***** AVAILABLE RECORDS

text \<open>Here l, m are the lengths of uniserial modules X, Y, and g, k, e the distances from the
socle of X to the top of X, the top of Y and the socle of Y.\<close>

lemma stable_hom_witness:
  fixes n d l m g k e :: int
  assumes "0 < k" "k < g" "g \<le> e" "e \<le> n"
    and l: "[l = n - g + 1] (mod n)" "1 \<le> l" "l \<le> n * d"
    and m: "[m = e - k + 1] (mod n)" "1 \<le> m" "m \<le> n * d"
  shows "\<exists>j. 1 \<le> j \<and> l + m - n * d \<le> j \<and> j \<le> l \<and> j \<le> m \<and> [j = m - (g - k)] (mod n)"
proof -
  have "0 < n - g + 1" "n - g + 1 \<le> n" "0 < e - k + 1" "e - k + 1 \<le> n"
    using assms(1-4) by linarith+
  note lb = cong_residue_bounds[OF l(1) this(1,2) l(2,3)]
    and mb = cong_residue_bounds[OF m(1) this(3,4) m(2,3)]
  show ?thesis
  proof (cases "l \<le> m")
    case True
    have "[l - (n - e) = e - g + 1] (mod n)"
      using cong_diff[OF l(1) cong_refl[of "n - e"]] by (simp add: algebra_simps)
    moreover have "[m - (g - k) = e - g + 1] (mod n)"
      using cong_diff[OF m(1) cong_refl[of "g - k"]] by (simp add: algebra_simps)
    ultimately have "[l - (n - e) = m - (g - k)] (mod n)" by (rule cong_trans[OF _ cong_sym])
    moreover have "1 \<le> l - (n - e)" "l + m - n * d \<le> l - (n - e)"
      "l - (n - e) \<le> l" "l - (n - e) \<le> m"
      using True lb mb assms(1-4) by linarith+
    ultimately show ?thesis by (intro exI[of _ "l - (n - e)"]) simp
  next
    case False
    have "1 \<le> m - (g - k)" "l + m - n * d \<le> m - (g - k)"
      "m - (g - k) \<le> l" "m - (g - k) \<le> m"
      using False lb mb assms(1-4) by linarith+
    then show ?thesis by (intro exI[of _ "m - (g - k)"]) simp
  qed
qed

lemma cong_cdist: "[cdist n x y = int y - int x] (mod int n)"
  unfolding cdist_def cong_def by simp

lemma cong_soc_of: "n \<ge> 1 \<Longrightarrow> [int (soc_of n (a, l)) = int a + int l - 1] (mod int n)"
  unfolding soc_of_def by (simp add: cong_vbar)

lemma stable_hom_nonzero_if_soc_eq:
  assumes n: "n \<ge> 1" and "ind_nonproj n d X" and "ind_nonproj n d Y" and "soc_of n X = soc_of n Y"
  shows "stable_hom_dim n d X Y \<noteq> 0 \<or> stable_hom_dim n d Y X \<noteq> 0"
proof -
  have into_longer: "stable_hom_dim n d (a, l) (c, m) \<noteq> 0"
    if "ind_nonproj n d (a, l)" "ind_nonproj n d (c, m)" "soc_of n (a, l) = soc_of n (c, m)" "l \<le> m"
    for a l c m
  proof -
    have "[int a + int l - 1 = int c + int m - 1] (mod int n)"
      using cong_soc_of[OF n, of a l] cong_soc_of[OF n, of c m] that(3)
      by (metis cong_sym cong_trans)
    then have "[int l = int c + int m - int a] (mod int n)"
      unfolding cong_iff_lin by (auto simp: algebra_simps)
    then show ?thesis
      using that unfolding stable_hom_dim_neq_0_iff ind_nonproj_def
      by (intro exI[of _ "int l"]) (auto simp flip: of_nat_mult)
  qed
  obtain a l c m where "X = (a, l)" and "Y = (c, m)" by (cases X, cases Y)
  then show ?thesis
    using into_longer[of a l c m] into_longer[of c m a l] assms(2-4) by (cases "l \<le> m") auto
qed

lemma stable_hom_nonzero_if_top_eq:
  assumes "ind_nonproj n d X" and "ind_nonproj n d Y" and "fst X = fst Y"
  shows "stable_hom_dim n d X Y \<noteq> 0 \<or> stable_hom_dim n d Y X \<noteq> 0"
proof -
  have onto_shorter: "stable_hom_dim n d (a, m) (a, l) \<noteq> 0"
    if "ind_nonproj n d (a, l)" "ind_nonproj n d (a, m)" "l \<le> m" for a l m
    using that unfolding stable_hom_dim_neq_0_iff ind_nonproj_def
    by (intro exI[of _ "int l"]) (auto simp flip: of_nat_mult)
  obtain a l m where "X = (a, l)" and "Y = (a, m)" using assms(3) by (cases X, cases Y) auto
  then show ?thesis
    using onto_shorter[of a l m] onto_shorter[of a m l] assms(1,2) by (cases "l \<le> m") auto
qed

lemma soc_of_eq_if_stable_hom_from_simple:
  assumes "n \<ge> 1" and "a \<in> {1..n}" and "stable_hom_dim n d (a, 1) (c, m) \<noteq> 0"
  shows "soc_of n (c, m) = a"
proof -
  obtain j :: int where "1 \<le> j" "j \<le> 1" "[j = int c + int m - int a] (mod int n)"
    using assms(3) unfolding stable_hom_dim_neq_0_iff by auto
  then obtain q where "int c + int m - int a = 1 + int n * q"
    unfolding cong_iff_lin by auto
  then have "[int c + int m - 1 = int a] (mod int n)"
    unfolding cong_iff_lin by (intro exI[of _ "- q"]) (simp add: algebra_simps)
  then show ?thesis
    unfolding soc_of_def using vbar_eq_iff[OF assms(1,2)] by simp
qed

**********

**EXERCISE:** Find every line above that contains the word "intro", and return each one.

**YOUR SOLUTION:**
    ultimately show ?thesis by (intro exI[of _ "l - (n - e)"]) simp
    then show ?thesis by (intro exI[of _ "m - (g - k)"]) simp
      by (intro exI[of _ "int l"]) (auto simp flip: of_nat_mult)
    by (intro exI[of _ "int l"]) (auto simp flip: of_nat_mult)
    unfolding cong_iff_lin by (intro exI[of _ "- q"]) (simp add: algebra_simps)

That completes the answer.